[Data to examine]

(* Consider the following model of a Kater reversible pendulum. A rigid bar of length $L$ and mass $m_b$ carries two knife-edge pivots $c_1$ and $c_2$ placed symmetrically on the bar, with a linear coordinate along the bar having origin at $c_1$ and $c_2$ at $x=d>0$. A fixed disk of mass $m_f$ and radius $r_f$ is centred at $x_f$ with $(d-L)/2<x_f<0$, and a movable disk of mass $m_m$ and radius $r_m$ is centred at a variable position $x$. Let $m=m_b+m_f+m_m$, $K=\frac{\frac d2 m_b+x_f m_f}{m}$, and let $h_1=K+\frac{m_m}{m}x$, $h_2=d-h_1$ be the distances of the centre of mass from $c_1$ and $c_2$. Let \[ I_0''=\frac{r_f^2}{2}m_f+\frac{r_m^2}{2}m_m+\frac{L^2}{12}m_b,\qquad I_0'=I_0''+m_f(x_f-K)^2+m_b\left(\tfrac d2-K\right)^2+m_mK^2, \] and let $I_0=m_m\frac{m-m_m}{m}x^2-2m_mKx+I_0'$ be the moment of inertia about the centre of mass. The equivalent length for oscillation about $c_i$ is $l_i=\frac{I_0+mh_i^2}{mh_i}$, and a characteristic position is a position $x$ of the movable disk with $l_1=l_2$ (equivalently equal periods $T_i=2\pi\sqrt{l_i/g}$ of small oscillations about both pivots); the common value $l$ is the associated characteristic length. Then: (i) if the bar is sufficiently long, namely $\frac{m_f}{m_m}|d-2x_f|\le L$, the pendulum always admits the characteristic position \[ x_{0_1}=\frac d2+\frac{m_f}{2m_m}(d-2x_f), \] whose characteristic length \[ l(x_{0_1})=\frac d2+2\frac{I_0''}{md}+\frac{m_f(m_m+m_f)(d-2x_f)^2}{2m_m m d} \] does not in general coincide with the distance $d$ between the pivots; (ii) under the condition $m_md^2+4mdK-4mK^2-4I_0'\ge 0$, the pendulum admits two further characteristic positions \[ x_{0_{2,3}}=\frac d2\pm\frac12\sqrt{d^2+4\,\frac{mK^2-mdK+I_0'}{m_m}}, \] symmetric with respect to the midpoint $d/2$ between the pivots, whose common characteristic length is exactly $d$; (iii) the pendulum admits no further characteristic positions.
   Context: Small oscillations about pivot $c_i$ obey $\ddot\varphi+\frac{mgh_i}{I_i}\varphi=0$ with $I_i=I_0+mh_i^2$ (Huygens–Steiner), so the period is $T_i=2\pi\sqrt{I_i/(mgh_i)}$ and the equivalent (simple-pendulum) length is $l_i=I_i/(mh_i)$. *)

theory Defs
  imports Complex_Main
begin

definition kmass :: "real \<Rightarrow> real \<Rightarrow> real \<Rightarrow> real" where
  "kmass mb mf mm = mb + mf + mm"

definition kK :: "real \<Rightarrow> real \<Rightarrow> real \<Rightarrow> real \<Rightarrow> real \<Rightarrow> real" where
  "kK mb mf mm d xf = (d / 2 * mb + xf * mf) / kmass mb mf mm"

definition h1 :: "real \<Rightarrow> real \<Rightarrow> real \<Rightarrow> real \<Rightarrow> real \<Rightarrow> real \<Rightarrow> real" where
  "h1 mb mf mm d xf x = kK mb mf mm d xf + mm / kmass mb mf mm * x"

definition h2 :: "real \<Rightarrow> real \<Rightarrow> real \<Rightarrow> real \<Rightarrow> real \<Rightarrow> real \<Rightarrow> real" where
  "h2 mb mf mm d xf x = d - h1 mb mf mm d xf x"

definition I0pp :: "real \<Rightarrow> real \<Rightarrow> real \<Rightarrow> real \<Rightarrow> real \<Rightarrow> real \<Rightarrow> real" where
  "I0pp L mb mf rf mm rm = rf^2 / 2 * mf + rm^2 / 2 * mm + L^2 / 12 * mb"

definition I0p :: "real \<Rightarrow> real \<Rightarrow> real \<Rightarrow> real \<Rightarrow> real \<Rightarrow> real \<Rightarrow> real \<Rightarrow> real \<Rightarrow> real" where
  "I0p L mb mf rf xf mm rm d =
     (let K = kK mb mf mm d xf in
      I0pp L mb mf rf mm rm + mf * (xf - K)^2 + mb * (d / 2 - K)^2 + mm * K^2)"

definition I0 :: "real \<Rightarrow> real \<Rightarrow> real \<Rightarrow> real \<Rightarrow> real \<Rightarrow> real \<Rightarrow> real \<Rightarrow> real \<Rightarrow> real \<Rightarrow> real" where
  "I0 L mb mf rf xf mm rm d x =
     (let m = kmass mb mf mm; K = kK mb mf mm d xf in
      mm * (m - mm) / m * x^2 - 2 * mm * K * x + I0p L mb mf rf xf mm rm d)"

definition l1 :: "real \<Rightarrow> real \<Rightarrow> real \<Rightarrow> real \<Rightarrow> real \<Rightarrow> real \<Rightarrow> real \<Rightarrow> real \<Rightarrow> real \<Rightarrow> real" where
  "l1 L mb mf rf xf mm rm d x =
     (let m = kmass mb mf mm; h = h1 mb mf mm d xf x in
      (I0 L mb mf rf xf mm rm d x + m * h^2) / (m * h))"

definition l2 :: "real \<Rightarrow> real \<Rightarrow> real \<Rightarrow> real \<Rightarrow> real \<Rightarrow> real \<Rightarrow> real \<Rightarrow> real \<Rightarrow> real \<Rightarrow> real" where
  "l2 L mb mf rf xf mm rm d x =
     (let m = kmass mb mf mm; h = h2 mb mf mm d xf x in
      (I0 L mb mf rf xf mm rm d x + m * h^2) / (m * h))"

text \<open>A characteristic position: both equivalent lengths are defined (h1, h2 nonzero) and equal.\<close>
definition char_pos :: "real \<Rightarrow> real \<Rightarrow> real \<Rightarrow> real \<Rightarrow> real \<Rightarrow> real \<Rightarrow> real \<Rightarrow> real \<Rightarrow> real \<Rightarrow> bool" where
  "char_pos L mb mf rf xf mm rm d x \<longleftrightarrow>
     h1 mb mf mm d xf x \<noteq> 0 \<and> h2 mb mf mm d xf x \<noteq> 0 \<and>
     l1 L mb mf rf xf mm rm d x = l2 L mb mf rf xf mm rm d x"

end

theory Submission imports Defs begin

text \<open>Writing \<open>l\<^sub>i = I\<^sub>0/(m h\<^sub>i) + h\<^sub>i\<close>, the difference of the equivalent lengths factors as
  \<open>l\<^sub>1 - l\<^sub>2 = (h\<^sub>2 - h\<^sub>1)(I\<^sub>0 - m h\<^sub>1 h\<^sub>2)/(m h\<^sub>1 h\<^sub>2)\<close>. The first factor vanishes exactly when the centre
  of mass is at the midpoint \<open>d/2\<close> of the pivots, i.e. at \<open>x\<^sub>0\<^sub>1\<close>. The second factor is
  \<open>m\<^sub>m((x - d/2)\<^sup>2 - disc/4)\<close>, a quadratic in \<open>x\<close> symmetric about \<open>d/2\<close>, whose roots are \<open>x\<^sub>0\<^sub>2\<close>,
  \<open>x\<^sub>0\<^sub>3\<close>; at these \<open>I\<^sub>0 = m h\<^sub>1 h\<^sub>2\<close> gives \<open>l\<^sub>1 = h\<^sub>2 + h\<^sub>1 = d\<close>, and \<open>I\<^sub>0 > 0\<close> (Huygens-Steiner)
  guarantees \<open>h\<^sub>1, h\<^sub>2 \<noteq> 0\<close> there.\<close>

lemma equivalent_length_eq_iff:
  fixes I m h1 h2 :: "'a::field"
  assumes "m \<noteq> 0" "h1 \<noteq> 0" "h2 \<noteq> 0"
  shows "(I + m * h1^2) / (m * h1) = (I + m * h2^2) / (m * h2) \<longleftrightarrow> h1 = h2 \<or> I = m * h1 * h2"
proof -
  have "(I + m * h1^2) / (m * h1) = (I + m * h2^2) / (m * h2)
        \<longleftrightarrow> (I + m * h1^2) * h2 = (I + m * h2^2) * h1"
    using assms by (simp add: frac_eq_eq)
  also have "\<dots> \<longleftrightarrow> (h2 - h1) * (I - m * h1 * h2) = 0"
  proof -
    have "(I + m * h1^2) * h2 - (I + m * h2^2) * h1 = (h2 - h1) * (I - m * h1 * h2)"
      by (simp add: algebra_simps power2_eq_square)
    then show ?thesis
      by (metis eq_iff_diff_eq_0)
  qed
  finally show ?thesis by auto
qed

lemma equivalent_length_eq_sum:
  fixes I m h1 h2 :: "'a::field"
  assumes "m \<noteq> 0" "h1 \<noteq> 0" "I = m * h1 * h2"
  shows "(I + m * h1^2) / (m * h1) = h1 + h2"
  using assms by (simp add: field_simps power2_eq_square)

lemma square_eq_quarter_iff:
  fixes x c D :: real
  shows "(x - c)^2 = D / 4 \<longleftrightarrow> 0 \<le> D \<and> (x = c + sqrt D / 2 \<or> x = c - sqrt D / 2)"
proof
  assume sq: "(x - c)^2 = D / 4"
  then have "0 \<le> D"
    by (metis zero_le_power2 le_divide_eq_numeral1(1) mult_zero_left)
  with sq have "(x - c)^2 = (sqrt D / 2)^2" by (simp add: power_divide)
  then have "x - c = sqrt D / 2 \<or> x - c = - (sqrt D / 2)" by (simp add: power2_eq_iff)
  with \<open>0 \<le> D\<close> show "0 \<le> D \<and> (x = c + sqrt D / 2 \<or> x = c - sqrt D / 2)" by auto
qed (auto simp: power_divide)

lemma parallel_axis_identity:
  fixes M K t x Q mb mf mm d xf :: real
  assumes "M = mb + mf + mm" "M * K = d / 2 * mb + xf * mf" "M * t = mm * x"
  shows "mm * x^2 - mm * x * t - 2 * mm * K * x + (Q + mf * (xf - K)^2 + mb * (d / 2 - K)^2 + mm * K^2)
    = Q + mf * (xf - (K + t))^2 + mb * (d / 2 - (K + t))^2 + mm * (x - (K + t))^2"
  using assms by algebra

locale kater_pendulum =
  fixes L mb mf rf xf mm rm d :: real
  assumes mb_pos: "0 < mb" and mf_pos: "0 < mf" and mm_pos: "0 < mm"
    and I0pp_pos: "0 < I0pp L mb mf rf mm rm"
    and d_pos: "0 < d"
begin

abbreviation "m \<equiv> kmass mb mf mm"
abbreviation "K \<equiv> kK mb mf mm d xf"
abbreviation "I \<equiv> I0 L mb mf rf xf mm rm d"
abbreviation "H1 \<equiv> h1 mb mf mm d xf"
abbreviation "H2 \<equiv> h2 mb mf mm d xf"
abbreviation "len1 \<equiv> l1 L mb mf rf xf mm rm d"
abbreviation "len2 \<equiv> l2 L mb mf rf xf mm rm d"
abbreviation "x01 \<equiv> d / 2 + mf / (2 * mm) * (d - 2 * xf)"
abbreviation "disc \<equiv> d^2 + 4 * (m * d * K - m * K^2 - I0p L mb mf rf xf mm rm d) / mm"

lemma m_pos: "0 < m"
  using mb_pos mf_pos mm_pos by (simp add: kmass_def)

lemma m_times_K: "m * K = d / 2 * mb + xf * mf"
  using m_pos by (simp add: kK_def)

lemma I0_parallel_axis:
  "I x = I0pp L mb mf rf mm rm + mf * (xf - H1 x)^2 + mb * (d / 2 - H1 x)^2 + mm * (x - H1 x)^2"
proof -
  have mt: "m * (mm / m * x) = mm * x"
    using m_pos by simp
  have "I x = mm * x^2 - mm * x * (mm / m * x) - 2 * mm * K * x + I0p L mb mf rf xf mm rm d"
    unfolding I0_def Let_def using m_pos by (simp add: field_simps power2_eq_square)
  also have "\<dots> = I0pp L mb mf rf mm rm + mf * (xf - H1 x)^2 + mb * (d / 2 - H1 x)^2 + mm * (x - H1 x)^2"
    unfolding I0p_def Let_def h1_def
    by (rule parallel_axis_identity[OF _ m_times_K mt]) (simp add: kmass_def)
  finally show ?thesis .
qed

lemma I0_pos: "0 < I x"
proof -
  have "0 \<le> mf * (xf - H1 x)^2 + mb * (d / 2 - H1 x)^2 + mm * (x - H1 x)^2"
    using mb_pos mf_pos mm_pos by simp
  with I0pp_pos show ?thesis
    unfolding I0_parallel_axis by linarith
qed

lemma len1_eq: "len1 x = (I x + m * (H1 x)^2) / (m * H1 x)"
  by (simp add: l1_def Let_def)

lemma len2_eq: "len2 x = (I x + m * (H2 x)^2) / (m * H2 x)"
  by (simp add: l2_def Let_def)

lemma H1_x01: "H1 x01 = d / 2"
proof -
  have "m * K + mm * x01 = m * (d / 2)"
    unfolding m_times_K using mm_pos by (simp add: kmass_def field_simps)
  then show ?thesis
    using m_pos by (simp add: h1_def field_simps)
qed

[/Data to examine]

**What to do**:
Which lines above include the string "disc"? Show them.

**Task output**:
  \<open>m\<^sub>m((x - d/2)\<^sup>2 - disc/4)\<close>, a quadratic in \<open>x\<close> symmetric about \<open>d/2\<close>, whose roots are \<open>x\<^sub>0\<^sub>2\<close>,
abbreviation "disc \<equiv> d^2 + 4 * (m * d * K - m * K^2 - I0p L mb mf rf xf mm rm d) / mm"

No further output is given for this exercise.